==== Data

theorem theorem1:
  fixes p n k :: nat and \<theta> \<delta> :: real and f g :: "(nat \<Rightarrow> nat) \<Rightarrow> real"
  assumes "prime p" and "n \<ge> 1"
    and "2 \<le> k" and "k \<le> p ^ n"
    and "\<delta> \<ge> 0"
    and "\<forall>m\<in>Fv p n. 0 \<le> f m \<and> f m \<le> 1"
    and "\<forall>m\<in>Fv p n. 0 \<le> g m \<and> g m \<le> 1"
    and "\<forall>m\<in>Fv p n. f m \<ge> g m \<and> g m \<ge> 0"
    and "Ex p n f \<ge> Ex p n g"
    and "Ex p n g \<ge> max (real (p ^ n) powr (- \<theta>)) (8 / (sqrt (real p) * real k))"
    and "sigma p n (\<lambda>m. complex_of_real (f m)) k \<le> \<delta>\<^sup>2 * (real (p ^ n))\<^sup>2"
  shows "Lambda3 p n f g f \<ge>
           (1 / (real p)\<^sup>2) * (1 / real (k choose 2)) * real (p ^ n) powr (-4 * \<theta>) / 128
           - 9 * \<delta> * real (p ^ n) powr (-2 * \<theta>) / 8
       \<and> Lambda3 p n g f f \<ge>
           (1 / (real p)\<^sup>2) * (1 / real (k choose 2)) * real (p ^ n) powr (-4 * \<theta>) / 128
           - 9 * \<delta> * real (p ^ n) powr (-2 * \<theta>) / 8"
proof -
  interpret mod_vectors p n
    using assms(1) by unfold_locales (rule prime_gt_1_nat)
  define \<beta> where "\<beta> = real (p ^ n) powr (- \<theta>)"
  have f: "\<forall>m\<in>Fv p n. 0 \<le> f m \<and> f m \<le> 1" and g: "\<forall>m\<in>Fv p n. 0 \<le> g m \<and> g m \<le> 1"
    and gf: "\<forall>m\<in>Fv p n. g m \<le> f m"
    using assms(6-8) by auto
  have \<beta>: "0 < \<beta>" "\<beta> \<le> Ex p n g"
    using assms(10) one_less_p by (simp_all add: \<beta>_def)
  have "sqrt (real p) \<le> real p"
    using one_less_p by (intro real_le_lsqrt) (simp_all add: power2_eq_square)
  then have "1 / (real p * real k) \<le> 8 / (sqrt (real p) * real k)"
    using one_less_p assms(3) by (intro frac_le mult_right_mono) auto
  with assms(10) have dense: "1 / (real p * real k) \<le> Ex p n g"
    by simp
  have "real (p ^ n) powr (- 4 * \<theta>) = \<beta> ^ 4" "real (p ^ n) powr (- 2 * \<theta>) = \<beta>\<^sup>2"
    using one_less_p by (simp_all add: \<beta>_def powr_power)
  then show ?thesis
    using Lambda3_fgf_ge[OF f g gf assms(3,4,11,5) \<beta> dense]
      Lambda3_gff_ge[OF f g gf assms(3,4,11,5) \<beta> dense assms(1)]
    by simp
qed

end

========
==== Data

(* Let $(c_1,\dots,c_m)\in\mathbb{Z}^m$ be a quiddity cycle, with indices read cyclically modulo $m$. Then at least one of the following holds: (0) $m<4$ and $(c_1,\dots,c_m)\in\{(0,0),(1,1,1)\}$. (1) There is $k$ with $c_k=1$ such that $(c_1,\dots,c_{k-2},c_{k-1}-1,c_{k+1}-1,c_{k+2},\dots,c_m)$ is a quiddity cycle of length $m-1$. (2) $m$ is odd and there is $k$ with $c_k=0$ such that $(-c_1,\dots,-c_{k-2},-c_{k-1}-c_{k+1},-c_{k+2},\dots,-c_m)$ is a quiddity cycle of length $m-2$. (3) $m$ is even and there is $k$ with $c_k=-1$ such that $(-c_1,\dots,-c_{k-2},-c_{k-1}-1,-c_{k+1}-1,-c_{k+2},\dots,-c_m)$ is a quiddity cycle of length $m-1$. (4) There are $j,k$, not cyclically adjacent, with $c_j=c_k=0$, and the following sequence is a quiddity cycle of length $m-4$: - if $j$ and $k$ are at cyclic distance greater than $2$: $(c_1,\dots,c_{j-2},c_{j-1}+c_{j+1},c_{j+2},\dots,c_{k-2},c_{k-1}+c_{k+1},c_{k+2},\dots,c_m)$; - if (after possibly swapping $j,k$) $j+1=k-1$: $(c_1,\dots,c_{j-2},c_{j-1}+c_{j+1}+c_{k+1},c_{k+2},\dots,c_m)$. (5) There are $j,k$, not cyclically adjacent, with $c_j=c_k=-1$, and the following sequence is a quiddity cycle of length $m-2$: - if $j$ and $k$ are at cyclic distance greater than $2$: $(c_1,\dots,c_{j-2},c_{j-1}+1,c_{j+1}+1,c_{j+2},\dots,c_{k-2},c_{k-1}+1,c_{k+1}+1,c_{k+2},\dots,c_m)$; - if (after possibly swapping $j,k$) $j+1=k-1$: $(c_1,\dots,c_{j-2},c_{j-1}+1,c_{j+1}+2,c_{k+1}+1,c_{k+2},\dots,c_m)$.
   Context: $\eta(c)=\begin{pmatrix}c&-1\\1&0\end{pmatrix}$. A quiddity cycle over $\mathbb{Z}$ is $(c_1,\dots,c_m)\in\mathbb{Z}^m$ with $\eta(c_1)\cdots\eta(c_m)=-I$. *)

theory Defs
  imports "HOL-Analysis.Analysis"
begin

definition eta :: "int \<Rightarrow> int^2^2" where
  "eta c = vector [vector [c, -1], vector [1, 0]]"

========

> **About this task**
When the line with "p n f \<ge>" is reached in the data above, start copying there, and copy each line exactly until the line with "p n (\<lambda>m." has been copied; copy nothing else.

> **Response for this exercise**
    and "Ex p n f \<ge> Ex p n g"
    and "Ex p n g \<ge> max (real (p ^ n) powr (- \<theta>)) (8 / (sqrt (real p) * real k))"
    and "sigma p n (\<lambda>m. complex_of_real (f m)) k \<le> \<delta>\<^sup>2 * (real (p ^ n))\<^sup>2"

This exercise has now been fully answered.